**Activity:** Give again, exactly as written, each line of the material below starting at the line that contains "C = (\<Sum>v\<in>C." and ending at the line that contains "real) \<Rightarrow> 'a set \<Rightarrow> 'a". Both ends count, and no other line does.

**Dataset excerpts:**
•••••
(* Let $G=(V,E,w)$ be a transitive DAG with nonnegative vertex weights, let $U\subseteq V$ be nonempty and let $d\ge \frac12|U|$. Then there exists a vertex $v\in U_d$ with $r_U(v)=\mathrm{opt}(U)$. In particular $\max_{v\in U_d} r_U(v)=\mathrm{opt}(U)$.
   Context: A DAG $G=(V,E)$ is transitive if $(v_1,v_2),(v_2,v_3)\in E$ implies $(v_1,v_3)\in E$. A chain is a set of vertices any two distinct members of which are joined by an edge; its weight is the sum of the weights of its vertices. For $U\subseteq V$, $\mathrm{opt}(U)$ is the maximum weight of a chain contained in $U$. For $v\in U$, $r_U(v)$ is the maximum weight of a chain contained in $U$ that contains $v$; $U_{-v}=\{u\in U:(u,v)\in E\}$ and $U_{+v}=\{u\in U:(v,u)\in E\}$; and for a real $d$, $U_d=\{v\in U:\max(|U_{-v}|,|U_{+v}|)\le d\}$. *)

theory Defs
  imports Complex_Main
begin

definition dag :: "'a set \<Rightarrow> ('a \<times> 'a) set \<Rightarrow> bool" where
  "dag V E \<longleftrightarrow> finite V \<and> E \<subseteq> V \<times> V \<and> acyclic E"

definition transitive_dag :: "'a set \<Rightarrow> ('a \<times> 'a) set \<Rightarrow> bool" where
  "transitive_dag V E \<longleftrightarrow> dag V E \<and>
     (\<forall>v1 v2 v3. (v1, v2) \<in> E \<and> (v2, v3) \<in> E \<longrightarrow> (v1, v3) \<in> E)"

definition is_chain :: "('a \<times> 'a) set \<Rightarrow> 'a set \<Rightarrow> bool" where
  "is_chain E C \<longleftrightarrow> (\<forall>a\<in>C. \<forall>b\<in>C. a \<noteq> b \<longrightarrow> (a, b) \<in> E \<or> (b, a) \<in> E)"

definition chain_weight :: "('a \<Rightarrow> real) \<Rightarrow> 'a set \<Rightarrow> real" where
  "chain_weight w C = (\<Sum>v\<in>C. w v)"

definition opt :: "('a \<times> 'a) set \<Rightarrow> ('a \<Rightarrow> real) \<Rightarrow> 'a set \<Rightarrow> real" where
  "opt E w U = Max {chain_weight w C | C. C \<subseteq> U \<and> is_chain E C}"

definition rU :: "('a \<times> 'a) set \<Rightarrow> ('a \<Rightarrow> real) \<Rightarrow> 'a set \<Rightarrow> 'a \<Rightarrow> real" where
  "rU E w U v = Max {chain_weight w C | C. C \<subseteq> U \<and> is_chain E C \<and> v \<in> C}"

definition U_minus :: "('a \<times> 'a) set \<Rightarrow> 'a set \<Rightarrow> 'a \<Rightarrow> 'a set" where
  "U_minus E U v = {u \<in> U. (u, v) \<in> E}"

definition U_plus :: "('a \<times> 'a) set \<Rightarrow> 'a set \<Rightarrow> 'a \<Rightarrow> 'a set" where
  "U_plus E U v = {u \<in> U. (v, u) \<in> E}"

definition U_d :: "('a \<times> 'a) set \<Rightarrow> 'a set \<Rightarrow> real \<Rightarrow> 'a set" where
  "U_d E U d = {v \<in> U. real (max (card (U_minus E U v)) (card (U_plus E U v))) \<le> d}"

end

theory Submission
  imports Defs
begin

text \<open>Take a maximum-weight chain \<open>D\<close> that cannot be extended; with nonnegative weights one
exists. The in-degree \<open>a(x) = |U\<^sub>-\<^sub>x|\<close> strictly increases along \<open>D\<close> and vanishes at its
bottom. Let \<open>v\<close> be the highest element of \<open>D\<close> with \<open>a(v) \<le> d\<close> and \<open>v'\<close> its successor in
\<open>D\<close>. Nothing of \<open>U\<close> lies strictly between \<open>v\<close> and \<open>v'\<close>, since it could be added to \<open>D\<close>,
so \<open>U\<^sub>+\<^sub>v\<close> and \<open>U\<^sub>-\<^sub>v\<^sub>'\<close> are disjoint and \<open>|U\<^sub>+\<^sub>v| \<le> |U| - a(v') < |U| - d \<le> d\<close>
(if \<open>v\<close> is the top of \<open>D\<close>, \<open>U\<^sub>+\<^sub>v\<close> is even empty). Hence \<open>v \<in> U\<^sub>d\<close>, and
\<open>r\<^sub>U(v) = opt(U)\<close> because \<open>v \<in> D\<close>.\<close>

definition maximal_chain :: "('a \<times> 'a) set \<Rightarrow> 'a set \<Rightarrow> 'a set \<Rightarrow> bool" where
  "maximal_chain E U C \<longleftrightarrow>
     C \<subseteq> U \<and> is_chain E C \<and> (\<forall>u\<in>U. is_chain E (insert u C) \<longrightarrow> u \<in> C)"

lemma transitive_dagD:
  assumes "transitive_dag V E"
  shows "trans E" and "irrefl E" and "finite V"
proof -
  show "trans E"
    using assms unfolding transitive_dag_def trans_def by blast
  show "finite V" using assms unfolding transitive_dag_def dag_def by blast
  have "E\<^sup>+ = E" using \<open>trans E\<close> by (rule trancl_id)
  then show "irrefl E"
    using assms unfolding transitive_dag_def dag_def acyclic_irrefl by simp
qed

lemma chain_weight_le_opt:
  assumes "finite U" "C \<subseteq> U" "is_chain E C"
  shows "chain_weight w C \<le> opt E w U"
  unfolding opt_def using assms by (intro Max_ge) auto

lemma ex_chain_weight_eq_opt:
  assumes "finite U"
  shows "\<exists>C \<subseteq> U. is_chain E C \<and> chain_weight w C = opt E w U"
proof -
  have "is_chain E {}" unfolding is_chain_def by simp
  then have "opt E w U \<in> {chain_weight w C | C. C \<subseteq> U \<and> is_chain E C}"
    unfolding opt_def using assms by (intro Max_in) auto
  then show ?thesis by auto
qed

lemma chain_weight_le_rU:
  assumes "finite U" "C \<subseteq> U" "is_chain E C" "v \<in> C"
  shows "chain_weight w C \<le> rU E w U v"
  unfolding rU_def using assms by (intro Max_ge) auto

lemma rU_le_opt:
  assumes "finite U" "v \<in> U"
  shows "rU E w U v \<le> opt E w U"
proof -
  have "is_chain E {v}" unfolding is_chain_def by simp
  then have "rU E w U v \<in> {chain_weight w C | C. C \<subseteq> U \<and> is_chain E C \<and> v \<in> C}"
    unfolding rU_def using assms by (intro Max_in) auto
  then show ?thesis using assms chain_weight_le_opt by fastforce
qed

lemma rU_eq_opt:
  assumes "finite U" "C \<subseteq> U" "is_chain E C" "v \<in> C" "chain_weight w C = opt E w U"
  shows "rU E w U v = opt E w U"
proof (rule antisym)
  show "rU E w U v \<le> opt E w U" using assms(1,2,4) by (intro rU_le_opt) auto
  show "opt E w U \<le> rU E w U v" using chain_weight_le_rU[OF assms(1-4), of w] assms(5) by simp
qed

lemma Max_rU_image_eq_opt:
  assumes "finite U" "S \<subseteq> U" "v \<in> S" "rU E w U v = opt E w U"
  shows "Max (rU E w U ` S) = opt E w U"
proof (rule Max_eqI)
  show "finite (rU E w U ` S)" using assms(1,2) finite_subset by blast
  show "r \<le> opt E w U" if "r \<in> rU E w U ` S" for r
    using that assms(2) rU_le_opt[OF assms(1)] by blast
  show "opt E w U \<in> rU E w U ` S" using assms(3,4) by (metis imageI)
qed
•••••
**Answer box:**
  "chain_weight w C = (\<Sum>v\<in>C. w v)"

definition opt :: "('a \<times> 'a) set \<Rightarrow> ('a \<Rightarrow> real) \<Rightarrow> 'a set \<Rightarrow> real" where
  "opt E w U = Max {chain_weight w C | C. C \<subseteq> U \<and> is_chain E C}"

definition rU :: "('a \<times> 'a) set \<Rightarrow> ('a \<Rightarrow> real) \<Rightarrow> 'a set \<Rightarrow> 'a \<Rightarrow> real" where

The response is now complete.